Your objective: The records follow. Filter them to the lines that hold "FDERIV".

Records for the exercise:
((
lemma three_cycle_swap:
  assumes "G (cycle_of_list [a, b, c])" "distinct [a, b, c]"
  shows "G (cycle_of_list [b, a, c])"
proof -
  have "inv (cycle_of_list [a, b, c]) = cycle_of_list [b, a, c]"
    by (rule inv_unique_comp) (use assms(2) in \<open>auto simp: fun_eq_iff transpose_def\<close>)
  then show ?thesis using inv_closed[OF assms(1)] by simp
qed

lemma three_cycle_replace_first:
  assumes Y: "contains_three_cycles_on Y" "finite Y" "4 \<le> card Y"
    and pqr: "p \<in> Y" "q \<in> Y" "r \<in> Y" "p \<noteq> q" "r \<noteq> q" and z: "z \<notin> Y"
    and pqz: "G (cycle_of_list [p, q, z])"
  shows "G (cycle_of_list [r, q, z])"
proof (cases "r = p")
  case False
  have "card {p, q, r} < card Y" using Y(3) by (auto simp: card_insert_if)
  then obtain v where v: "v \<in> Y" "v \<notin> {p, q, r}"
    using ex_not_in_if_card_less[of "{p, q, r}" Y] by auto
  then have "G (cycle_of_list [p, r, v])"
    using pqr False by (intro contains_three_cycles_onD[OF Y(1)]) auto
  from this pqz show ?thesis
    by (rule three_cycle_conj) (use pqr v z False in \<open>auto simp: transpose_def\<close>)
qed (use pqz in simp)
lemma Q_add_left: "Q (u + v) w = Q u w + Q v w" using bilinear_ladd[OF Q_bilinear] by simp
lemma Q_add_right: "Q w (u + v) = Q w u + Q w v" using bilinear_radd[OF Q_bilinear] by simp
lemma Q_diff_left: "Q (u - v) w = Q u w - Q v w" using bilinear_lsub[OF Q_bilinear] by simp
lemma Q_scaleR_left: "Q (c *\<^sub>R u) w = c * Q u w" using bilinear_lmul[OF Q_bilinear] by simp
lemma Q_scaleR_right: "Q u (c *\<^sub>R w) = c * Q u w" using bilinear_rmul[OF Q_bilinear] by simp
lemma Q_zero_left: "Q 0 w = 0" using bilinear_lzero[OF Q_bilinear] by simp
lemma Q_zero_right: "Q w 0 = 0" using bilinear_rzero[OF Q_bilinear] by simp

lemma Q_sum_left: "Q (\<Sum>i\<in>A. u i) w = (\<Sum>i\<in>A. Q (u i) w)"
  using linear_sum[of "\<lambda>u. Q u w"] Q_bilinear unfolding bilinear_def by (simp add: o_def)

lemma Q_sum_right: "Q w (\<Sum>i\<in>A. u i) = (\<Sum>i\<in>A. Q w (u i))"
  using Q_sum_left Q_sym by simp

lemma differentiable_Q:
  assumes "a differentiable (at y)" "b differentiable (at y)"
  shows "(\<lambda>z. Q (a z) (b z)) differentiable (at y)"
  using assms bounded_bilinear.FDERIV[OF bilinear_conv_bounded_bilinear[THEN iffD1, OF Q_bilinear]]
  unfolding differentiable_def by blast

lemma pd_Q:
  assumes "a differentiable (at y)" "b differentiable (at y)"
  shows "pd c (\<lambda>z. Q (a z) (b z)) y = Q (pd c a y) (b y) + Q (a y) (pd c b y)"
proof -
  obtain A B where A: "(a has_derivative A) (at y)" and B: "(b has_derivative B) (at y)"
    using assms unfolding differentiable_def by blast
  show ?thesis
    using pd_eq_derivative[OF bounded_bilinear.FDERIV[OF bilinear_conv_bounded_bilinear[THEN iffD1, OF Q_bilinear] A B]]
      pd_eq_derivative[OF A] pd_eq_derivative[OF B] by simp
qed

end

locale spacelike_immersion = symmetric_bilinear_form Q for Q :: "'v::euclidean_space \<Rightarrow> 'v \<Rightarrow> real" +
  fixes U :: "(real^'n::finite) set" and f :: "real^'n \<Rightarrow> 'v"
  assumes open_U: "open U" and smooth: "smooth_on U f"
    and positive_immersion: "positive_immersion_on Q U f"
begin

lemma differentiable_iter_pd: "y \<in> U \<Longrightarrow> iter_pd is f differentiable (at y)"
  using smooth unfolding smooth_on_def by blast

lemma differentiable_f: "y \<in> U \<Longrightarrow> f differentiable (at y)"
  using differentiable_iter_pd[of y "[]"] by (simp add: iter_pd_def)

lemma differentiable_pd1: "y \<in> U \<Longrightarrow> pd i f differentiable (at y)"
  using differentiable_iter_pd[of y "[i]"] by (simp add: iter_pd_def)

lemma differentiable_pd2: "y \<in> U \<Longrightarrow> pd i (pd j f) differentiable (at y)"
  using differentiable_iter_pd[of y "[i, j]"] by (simp add: iter_pd_def)

lemma differentiable_pd3: "y \<in> U \<Longrightarrow> pd i (pd j (pd k f)) differentiable (at y)"
  using differentiable_iter_pd[of y "[i, j, k]"] by (simp add: iter_pd_def)

lemma pd2_commute: "y \<in> U \<Longrightarrow> pd i (pd j f) y = pd j (pd i f) y"
  using pd_commute[OF open_U _ differentiable_f differentiable_pd1 differentiable_pd1
      differentiable_imp_continuous_within[OF differentiable_pd2]
      differentiable_imp_continuous_within[OF differentiable_pd2]]
  by simp

lemma pd3_commute: "y \<in> U \<Longrightarrow> pd i (pd j (pd k f)) y = pd j (pd i (pd k f)) y"
  using pd_commute[where h = "pd k f", OF open_U _ differentiable_pd1 differentiable_pd2 differentiable_pd2
      differentiable_imp_continuous_within[OF differentiable_pd3]
      differentiable_imp_continuous_within[OF differentiable_pd3]]
  by simp

abbreviation g where "g y \<equiv> ind_metric Q f y"
abbreviation G where "G y \<equiv> ginv Q f y"

lemma metric_entry: "g y $ a $ b = Q (pd a f y) (pd b f y)"
  by (simp add: ind_metric_def)

lemma metric_sym: "g y $ a $ b = g y $ b $ a"
  by (simp add: metric_entry Q_sym)

lemma differentiable_metric: "y \<in> U \<Longrightarrow> (\<lambda>z. g z $ a $ b) differentiable (at y)"
  unfolding metric_entry using differentiable_Q differentiable_pd1 by blast

lemma pd_metric:
  "y \<in> U \<Longrightarrow> pd c (\<lambda>z. g z $ a $ b) y = Q (pd c (pd a f) y) (pd b f y) + Q (pd a f y) (pd c (pd b f) y)"
  unfolding metric_entry using pd_Q differentiable_pd1 by blast

lemma Q_tangent: "Q (tangent f y v) (tangent f y v) = v \<bullet> (g y *v v)"
  unfolding tangent_def Q_sum_left Q_sum_right Q_scaleR_left Q_scaleR_right metric_entry
  by (simp add: inner_vec_def matrix_vector_mult_def sum_distrib_left metric_entry Q_sym ac_simps)

lemma metric_pos_def: "y \<in> U \<Longrightarrow> v \<noteq> 0 \<Longrightarrow> v \<bullet> (g y *v v) > 0"
  using positive_immersion Q_tangent unfolding positive_immersion_on_def by metis
lemma C2_with_double_primitive:
  assumes y: "continuous_on {0..T} y" and u: "\<And>t. t \<in> {0..T} \<Longrightarrow> u t = c - double_primitive y t"
  shows "C2_with T u (\<lambda>t. - integral {0..t} y) (\<lambda>t. - y t)"
  unfolding C2_with_def
proof (intro conjI ballI)
  fix t assume t: "t \<in> {0..T}"
  have "((\<lambda>t. c - double_primitive y t) has_real_derivative - integral {0..t} y) (at t within {0..T})"
    using has_real_derivative_double_primitive[OF y t] by (auto intro!: derivative_eq_intros)
  then show "(u has_real_derivative - integral {0..t} y) (at t within {0..T})"
    by (rule has_field_derivative_transform_within[OF _ zero_less_one t]) (use u in auto)
  show "((\<lambda>t. - integral {0..t} y) has_real_derivative - y t) (at t within {0..T})"
    by (rule DERIV_minus[OF integral_has_real_derivative[OF y t]])
qed (use y in \<open>auto intro: continuous_intros\<close>)

lemma continuous_on_zero_between:
  fixes f :: "real \<Rightarrow> real"
  assumes "continuous_on {lo..hi} f" "lo \<le> hi" "f lo * f hi \<le> 0"
  shows "\<exists>c\<in>{lo..hi}. f c = 0"
proof -
  have "(f lo \<le> 0 \<and> 0 \<le> f hi) \<or> (f hi \<le> 0 \<and> 0 \<le> f lo)"
    using assms(3) by (auto simp: mult_le_0_iff)
  then obtain c where "lo \<le> c" "c \<le> hi" "f c = 0"
    using IVT'[of f lo 0 hi] IVT2'[of f hi 0 lo] assms(1,2) by blast
  then show ?thesis by auto
qed

lemma eventually_le_of_ratio_tendsto_0:
  fixes f :: "real \<Rightarrow> real"
  assumes "((\<lambda>u. f u / u) \<longlongrightarrow> 0) F" "eventually (\<lambda>u. 0 < u) F" "0 < \<epsilon>"
  shows "eventually (\<lambda>u. f u \<le> \<epsilon> * u) F"
  using order_tendstoD(2)[OF assms(1,3)] assms(2)
  by eventually_elim (simp add: divide_less_eq less_imp_le)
))
Solution to this problem:
  using assms bounded_bilinear.FDERIV[OF bilinear_conv_bounded_bilinear[THEN iffD1, OF Q_bilinear]]
    using pd_eq_derivative[OF bounded_bilinear.FDERIV[OF bilinear_conv_bounded_bilinear[THEN iffD1, OF Q_bilinear] A B]]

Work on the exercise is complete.